WORK REQUEST>
The expected answer is the set of lines in the data below between the line holding "text \<open>X(k,n,m): J" and the line holding "coordinate subspaces K", inclusive, written out exactly.

>>>>

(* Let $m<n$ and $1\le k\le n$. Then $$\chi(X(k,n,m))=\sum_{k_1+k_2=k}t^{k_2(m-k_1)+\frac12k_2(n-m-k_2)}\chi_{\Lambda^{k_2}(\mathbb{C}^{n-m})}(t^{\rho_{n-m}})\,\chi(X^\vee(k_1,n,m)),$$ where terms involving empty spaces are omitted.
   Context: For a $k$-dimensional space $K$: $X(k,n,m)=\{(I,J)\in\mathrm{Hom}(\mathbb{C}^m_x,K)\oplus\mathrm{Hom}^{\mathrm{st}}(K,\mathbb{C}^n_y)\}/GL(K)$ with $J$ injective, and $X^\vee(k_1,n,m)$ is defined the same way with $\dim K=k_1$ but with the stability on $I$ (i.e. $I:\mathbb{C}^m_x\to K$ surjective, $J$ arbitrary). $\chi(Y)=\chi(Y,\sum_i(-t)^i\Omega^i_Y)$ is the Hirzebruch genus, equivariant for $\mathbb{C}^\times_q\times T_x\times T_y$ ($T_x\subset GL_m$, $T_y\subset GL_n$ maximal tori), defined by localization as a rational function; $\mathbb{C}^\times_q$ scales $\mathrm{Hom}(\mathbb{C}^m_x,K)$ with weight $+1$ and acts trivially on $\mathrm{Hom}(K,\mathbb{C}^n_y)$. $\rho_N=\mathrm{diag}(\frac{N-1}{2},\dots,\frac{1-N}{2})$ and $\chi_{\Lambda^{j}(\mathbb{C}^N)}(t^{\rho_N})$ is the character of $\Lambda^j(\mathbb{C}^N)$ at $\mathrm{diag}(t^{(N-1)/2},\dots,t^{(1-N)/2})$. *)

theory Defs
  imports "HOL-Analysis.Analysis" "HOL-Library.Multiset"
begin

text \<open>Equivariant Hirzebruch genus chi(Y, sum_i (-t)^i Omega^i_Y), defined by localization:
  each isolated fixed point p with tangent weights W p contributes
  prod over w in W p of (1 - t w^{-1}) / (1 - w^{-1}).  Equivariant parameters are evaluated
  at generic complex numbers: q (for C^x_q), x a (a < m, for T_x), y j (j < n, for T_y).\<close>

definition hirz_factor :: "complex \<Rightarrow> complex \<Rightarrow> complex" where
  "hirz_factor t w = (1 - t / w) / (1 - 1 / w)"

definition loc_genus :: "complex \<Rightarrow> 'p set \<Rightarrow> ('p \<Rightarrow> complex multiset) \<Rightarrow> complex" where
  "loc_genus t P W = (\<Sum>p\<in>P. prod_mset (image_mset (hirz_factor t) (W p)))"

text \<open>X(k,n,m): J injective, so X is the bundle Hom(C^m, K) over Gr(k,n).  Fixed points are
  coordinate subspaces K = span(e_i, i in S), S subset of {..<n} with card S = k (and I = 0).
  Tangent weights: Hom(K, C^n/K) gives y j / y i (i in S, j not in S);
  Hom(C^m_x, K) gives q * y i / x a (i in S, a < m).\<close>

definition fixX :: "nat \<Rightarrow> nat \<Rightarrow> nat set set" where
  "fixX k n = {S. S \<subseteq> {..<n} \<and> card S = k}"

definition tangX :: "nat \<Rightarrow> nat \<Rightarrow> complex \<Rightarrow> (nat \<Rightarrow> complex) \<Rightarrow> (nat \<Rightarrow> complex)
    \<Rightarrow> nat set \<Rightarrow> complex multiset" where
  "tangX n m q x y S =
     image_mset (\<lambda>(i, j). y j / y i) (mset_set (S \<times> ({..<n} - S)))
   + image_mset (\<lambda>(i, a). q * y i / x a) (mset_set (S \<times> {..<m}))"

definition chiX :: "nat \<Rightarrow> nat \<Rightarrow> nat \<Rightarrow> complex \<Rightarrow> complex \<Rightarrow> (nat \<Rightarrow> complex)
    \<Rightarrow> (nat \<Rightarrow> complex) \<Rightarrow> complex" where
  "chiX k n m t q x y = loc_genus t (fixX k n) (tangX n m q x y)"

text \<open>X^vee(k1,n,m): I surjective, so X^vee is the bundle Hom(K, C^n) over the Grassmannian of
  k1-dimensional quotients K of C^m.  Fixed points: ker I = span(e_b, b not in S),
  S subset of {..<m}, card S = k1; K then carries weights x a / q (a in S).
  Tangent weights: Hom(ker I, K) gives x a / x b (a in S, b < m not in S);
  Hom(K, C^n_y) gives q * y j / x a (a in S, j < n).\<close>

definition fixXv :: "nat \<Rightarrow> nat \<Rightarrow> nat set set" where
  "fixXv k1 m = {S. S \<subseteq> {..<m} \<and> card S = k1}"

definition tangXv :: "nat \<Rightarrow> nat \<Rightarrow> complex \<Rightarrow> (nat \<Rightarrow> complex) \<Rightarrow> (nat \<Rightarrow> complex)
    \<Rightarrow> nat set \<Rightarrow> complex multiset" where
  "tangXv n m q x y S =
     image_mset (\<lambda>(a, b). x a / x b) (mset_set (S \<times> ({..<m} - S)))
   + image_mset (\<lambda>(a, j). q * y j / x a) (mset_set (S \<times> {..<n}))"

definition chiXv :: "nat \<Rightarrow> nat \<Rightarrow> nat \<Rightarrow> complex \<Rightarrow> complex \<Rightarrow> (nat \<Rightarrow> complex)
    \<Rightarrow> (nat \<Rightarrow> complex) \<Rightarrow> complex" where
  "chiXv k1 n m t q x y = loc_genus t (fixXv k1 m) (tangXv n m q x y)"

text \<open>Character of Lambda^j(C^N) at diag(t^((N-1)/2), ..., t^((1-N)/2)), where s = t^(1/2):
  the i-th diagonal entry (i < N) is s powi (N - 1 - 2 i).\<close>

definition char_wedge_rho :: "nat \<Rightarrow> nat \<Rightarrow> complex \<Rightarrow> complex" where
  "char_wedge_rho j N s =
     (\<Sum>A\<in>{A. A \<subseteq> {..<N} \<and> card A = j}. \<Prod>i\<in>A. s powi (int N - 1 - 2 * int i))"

<<<<

RESPONSE>
text \<open>X(k,n,m): J injective, so X is the bundle Hom(C^m, K) over Gr(k,n).  Fixed points are
  coordinate subspaces K = span(e_i, i in S), S subset of {..<n} with card S = k (and I = 0).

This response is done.